● What is required
Look through the data below for the line with "text \<open>Everything is" and the line with "r - p1' for", then output those two and all lines in between, exactly as written.

● Records
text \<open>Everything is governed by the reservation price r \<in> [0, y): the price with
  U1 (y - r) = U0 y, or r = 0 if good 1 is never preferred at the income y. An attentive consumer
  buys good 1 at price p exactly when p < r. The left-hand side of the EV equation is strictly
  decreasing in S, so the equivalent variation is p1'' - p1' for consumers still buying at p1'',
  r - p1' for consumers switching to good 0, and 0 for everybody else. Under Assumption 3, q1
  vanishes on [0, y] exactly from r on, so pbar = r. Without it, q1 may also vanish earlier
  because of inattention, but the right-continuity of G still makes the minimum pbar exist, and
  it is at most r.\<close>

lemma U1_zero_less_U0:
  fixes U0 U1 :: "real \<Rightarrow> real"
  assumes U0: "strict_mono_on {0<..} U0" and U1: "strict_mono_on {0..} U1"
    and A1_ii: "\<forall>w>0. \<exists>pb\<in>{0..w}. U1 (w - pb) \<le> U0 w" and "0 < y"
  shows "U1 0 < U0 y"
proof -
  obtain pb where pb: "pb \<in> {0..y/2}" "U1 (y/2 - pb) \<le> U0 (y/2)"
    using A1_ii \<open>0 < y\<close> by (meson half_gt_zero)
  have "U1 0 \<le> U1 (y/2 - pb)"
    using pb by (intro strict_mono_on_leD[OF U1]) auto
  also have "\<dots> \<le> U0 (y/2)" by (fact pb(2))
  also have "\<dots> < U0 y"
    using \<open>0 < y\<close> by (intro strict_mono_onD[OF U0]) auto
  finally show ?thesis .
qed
--
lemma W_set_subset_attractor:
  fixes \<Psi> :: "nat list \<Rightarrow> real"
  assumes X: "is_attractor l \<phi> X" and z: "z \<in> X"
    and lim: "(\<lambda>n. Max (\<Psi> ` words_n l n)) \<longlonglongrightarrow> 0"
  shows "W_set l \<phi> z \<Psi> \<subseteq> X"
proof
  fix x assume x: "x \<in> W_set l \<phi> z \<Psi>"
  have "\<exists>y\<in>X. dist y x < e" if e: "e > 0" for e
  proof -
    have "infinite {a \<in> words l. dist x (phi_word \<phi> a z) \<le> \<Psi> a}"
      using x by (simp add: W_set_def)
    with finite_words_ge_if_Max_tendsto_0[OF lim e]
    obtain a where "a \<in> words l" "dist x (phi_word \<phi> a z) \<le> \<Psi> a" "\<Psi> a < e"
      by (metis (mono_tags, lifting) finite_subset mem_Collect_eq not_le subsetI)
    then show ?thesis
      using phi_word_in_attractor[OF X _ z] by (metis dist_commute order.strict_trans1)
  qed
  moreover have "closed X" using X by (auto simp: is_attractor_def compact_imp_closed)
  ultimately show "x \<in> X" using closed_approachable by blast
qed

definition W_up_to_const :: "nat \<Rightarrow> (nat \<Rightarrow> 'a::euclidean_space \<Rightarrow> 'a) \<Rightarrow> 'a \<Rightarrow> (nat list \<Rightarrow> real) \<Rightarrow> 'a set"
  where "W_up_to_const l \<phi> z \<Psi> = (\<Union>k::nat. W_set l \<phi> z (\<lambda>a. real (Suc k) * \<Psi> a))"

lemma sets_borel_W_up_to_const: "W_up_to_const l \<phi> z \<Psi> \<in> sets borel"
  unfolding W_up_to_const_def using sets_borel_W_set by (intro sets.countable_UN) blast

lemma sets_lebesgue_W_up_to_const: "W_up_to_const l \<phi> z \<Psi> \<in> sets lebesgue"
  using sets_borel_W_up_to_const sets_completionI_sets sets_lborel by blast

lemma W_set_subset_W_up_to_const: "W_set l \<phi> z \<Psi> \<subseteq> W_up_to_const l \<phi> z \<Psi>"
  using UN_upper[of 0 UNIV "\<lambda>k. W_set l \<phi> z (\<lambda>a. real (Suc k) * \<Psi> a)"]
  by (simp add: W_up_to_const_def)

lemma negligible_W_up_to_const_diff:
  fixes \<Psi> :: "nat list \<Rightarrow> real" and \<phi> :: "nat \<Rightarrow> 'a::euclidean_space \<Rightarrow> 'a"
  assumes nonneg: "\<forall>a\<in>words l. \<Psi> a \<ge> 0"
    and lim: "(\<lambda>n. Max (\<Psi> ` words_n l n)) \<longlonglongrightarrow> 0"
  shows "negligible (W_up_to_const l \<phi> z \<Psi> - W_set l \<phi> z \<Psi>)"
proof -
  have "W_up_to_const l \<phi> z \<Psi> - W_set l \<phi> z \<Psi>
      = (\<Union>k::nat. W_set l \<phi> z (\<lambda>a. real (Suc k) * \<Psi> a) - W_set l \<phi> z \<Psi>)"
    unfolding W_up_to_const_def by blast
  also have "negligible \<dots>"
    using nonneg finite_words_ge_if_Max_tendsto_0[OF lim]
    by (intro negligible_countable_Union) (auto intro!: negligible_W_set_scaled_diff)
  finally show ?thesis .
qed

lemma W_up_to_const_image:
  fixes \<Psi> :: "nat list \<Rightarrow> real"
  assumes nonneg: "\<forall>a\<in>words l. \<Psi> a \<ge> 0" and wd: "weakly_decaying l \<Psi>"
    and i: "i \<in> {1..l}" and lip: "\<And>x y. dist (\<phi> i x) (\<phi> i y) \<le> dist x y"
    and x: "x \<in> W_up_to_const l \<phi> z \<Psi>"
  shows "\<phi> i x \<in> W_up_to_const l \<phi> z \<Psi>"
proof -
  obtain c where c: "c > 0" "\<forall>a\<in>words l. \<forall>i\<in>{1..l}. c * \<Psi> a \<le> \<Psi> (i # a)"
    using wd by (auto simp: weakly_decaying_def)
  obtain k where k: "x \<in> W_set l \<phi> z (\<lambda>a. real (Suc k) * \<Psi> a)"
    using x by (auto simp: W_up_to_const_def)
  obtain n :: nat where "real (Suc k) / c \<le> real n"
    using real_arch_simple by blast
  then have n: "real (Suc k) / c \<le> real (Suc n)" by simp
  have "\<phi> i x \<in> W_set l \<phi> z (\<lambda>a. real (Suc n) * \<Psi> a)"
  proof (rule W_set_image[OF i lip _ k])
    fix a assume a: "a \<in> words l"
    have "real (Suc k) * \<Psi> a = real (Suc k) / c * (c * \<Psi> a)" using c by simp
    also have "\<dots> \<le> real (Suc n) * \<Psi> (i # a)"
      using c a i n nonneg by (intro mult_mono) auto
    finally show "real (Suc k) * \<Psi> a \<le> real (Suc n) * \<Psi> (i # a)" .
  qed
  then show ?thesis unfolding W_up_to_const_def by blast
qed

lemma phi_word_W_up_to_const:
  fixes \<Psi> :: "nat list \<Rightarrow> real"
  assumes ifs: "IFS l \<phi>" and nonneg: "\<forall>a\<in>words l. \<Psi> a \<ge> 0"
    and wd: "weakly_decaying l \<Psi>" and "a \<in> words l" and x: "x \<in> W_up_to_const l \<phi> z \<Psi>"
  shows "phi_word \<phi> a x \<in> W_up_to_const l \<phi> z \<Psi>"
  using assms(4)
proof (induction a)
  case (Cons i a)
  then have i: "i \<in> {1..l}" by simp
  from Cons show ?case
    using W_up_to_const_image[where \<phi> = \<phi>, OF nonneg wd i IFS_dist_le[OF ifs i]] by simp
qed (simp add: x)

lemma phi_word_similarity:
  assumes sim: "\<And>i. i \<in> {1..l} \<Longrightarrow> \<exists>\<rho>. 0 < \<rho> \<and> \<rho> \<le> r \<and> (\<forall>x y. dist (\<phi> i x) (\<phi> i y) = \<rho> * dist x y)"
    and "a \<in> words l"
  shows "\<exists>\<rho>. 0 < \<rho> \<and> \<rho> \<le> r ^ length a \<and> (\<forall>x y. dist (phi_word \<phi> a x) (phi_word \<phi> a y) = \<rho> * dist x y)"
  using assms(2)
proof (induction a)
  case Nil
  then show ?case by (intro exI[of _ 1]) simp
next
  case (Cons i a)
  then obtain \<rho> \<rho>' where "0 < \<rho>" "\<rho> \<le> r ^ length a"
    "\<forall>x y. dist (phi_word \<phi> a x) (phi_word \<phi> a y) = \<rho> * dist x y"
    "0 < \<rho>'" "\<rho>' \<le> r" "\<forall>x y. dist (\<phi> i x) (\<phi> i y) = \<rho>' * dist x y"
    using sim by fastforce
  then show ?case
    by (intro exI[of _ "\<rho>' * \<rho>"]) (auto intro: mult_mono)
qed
--
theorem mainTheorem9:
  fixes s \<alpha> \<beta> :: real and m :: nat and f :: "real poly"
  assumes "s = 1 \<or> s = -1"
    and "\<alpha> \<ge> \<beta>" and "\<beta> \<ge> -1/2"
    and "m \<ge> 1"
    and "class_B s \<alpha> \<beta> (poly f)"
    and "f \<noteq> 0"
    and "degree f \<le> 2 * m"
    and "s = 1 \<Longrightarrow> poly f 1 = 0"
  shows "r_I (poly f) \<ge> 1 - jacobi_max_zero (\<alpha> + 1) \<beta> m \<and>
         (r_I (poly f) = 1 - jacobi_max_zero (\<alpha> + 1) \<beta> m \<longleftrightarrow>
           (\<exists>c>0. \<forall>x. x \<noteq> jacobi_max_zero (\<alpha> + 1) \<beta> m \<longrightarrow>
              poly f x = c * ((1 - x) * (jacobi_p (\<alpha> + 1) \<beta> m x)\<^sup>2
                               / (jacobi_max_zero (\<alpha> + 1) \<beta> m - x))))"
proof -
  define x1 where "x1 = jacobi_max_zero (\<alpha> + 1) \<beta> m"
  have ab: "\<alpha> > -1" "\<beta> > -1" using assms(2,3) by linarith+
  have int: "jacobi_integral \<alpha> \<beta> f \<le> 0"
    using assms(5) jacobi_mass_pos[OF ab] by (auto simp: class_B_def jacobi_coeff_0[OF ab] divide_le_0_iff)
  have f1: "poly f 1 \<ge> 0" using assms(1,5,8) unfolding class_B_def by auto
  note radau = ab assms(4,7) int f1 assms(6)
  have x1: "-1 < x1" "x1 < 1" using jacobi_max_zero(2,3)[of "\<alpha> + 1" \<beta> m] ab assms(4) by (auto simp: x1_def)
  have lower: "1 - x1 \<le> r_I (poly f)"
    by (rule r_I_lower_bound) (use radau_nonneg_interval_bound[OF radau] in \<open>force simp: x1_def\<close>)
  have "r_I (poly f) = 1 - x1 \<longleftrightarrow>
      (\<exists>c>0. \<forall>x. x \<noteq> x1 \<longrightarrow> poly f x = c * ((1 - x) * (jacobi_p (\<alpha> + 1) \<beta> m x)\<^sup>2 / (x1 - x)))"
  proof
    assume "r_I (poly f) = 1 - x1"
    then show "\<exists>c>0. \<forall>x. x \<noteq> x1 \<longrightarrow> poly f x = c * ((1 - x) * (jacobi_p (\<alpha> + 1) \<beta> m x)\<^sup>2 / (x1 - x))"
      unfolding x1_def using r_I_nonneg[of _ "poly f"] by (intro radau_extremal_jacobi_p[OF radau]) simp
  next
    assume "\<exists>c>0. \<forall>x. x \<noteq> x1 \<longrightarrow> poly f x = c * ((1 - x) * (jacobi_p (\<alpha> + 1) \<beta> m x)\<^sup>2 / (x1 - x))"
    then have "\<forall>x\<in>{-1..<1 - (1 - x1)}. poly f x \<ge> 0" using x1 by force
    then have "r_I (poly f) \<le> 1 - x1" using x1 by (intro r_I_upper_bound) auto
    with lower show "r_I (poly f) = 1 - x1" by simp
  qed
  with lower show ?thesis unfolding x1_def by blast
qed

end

● Finished exercise
text \<open>Everything is governed by the reservation price r \<in> [0, y): the price with
  U1 (y - r) = U0 y, or r = 0 if good 1 is never preferred at the income y. An attentive consumer
  buys good 1 at price p exactly when p < r. The left-hand side of the EV equation is strictly
  decreasing in S, so the equivalent variation is p1'' - p1' for consumers still buying at p1'',
  r - p1' for consumers switching to good 0, and 0 for everybody else. Under Assumption 3, q1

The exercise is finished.